• Extracted entries
──────────────────────────────

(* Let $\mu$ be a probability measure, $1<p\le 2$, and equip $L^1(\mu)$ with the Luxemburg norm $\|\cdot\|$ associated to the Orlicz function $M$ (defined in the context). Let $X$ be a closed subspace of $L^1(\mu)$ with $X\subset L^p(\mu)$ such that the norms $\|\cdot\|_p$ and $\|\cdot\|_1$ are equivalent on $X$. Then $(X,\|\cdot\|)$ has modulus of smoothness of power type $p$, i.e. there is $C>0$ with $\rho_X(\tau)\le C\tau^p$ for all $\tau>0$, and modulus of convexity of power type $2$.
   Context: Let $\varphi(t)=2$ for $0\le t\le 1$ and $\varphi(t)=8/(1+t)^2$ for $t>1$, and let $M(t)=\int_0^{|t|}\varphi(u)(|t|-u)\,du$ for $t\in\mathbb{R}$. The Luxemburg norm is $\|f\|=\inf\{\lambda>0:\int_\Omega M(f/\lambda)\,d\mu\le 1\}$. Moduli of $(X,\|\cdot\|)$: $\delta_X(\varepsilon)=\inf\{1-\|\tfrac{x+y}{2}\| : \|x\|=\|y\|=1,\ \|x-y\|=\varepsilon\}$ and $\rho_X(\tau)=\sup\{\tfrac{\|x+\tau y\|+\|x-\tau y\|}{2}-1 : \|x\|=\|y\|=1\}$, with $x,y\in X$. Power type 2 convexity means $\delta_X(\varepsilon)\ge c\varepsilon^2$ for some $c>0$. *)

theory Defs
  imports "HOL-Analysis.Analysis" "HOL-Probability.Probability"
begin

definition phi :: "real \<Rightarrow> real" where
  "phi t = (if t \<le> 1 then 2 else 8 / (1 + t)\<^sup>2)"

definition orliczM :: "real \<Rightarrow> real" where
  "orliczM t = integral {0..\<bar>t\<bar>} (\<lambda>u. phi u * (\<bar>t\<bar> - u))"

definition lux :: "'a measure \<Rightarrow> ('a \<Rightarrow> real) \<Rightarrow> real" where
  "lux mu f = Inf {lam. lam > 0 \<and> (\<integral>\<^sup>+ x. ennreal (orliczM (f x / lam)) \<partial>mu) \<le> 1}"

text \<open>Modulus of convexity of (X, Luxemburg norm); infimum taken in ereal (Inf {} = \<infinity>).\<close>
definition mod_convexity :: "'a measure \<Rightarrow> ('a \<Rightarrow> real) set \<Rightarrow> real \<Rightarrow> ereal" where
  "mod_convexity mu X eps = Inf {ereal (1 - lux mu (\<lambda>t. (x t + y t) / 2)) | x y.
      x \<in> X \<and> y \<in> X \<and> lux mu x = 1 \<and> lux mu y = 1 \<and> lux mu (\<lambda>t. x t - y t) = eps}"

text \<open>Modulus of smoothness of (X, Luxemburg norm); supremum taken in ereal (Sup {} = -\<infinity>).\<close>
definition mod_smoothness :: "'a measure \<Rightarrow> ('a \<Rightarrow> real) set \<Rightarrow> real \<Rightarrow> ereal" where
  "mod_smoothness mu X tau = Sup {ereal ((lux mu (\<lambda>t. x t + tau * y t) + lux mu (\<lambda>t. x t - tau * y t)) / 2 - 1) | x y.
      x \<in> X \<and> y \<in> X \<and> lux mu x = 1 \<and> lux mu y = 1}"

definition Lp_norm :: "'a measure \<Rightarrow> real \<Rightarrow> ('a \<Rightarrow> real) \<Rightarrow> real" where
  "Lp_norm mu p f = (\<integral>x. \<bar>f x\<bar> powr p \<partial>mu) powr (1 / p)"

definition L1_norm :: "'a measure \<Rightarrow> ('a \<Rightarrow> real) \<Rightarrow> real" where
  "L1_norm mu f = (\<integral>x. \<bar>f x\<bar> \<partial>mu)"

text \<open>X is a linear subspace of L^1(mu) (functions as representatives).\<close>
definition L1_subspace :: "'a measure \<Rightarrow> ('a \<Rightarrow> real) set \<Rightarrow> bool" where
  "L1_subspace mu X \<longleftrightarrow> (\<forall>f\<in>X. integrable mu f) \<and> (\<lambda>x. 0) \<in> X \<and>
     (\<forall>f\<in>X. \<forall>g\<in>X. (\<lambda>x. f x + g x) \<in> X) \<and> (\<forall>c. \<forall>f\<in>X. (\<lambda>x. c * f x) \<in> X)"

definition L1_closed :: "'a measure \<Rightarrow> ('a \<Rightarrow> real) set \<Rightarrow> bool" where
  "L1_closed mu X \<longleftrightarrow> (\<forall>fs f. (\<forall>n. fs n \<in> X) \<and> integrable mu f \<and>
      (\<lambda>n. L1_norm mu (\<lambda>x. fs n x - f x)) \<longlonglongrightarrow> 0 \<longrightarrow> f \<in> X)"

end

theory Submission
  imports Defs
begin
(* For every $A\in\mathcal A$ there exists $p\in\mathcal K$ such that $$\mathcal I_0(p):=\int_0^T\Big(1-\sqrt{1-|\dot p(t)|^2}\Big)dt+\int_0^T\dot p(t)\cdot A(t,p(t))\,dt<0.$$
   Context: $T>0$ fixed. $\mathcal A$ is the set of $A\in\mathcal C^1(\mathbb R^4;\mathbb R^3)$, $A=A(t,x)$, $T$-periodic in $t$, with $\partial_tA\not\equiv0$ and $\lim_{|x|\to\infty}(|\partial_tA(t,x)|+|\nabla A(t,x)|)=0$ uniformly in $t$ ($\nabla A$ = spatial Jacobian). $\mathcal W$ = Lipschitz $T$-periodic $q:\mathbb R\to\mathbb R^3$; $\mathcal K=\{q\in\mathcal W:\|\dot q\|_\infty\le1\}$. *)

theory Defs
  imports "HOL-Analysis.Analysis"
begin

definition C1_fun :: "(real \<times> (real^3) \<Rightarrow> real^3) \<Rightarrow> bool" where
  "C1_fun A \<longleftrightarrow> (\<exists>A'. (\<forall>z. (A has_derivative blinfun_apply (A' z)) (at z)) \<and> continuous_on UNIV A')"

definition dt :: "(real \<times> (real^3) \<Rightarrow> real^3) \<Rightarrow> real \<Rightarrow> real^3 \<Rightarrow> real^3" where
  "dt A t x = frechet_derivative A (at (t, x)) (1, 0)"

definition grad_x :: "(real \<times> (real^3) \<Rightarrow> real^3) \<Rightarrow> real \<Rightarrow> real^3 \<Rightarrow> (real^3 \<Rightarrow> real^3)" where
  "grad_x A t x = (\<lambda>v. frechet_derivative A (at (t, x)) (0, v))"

──────────────────────────────

• What you need to do
All lines above that hold the string "infinity" should be copied.

• Finished task
text \<open>Modulus of convexity of (X, Luxemburg norm); infimum taken in ereal (Inf {} = \<infinity>).\<close>
text \<open>Modulus of smoothness of (X, Luxemburg norm); supremum taken in ereal (Sup {} = -\<infinity>).\<close>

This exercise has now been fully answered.